Author’s Revised 2011 Edition

 

By Noel Hynd

 

 

 

FLOWERS FROM BERLIN

 

© Copyright
Noel Hynd

This ebook is licensed for your personal enjoyment only. This ebook may not be re-sold or given away to other people. If you would like to share this ebook with another person, please purchase an additional copy for each person you share with. If you’re reading this book and did not purchase it, or it was not purchased for your use only, then you should purchase your own copy. Thank you for respecting the author’s work.

Formatting and layout by Nicholas J. Ambrose

http://www.regardingthehive.co.uk

 

for

Jeremy's aunt

With love

 

We know of new methods of attack; the Trojan Horse, the Fifth
.
Column that betrays a nation unprepared for treachery. Spies, saboteurs and traitors are the actors in this new tragedy.

Franklin D. Roosevelt during fireside chat to the American people,
May 26, 1940

We Americans have always been blessed with great leaders at crucial times. Washington at our birth. Jefferson at our first age of crisis. Lincoln at the Civil War and Wilson for the first world war. And then Roosevelt.

What if there had been no Roosevelt?

John Gunther

1950

William T. Cochrane, Banker and Educator, Dies at 90

By Abigail McFedries (Special to The New York
Times
)

Published: November 28, 1996

 

William Thomas Cochrane, an economist, author, banker, retired F.B.I. agent and university professor, died on Thursday at his home in Newton, Massachusetts. He was 90.

The cause was a cerebral hemorrhage, said his daughter, Carolyn.

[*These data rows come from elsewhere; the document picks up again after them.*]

(* Let $\mathcal{A}\subseteq\mathcal{P}_\infty(\mathbb{N})$ be a $C$-measurable M-family and let $\mathbf{C}=(C_n)_n$ be a sequence in $\mathcal{A}$ of pairwise disjoint sets. Then for every $N\in\mathcal{P}_\infty(\mathbb{N})$ there exists $L\in\mathcal{P}_\infty(N)$ such that $\Delta_{\mathbf{C}}(M)\in\mathcal{A}$ for all $M\in\mathcal{P}_\infty(L)$.
   Context: $\mathcal{P}_\infty(X)$: infinite subsets of $X$, topologized as a subspace of $2^X$. $C$-measurable: belonging to the smallest $\sigma$-algebra containing the open sets and closed under the Souslin operation. An M-family is a hereditary (closed under infinite subsets) family $\mathcal{A}$ such that for every sequence $(A_n)_n$ in $\mathcal{A}$ there is $A\in\mathcal{A}$ with $A\setminus\bigcup_{i\ge n}A_i$ finite for every $n$. For pairwise disjoint infinite $C_n$ with increasing enumerations $C_n=\{x^n_0<x^n_1<\cdots\}$, define $\Delta_{\mathbf{C}}:\mathcal{P}_\infty(\mathbb{N})\to\mathcal{P}_\infty(\mathbb{N})$ by $\Delta_{\mathbf{C}}(L)=\{x^{l_{2n}}_{l_{2n+1}}:n\in\mathbb{N}\}$, where $L=\{l_0<l_1<\cdots\}$. *)

theory Defs
  imports "HOL-Analysis.Analysis"
begin

definition Pinf :: "'a set \<Rightarrow> 'a set set" where
  "Pinf X = {A. A \<subseteq> X \<and> infinite A}"

(* open subsets of P_infinity(nat), as a subspace of the Cantor space 2^nat
   (subsets of nat identified with their characteristic functions nat => bool,
    carrying the product topology of discrete bool) *)
definition Pinf_open :: "nat set set \<Rightarrow> bool" where
  "Pinf_open U \<longleftrightarrow>
     (\<exists>V :: (nat \<Rightarrow> bool) set. open V \<and> U = {A \<in> Pinf UNIV. (\<lambda>n. n \<in> A) \<in> V})"

definition souslin :: "(nat list \<Rightarrow> 'a set) \<Rightarrow> 'a set" where
  "souslin P = (\<Union>\<sigma> :: nat \<Rightarrow> nat. \<Inter>n. P (map \<sigma> [0..<Suc n]))"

Mr. Cochrane enjoyed a long and distinguished career in several fields spanning the Twentieth Century. He was most proud, however, of his little known service to his country during World War Two……

Cambridge,

Massachusetts

May 1984

 

PROLOGUE

 

Memorial Hall, on the fringes of Harvard Yard, is the quintessence of old-guard university architecture. Ivy climbs its aged white columns and red brick walls in abundance. Built in tribute to the Harvard men who perished in wartime, the hall maintains a quiet, timeless dignity amid the bustle and clamor of Cambridge. Yet on the final day of spring term in May of 1984, even Memorial Hall was alive with excitement. Students who might otherwise be on their way to the Cape or to the beaches of the North Shore on an impeccably sunny morning were busy jockeying for seats in the great lecture hall, rousing and crowding out the ghosts of other eras.

Undergraduates had completely packed the sprawling, multi-tiered amphitheater by 10 A.M. Political Science 217 was concluding for the semester. Today was the final lecture. But it was the lecture, the one Dr. William Thomas Cochrane of the Economics Department gave every year. And every year, as the students put it, it was a "sell out." No extra places in the eight-hundred-seat hall, even though the topic was never covered on final exams.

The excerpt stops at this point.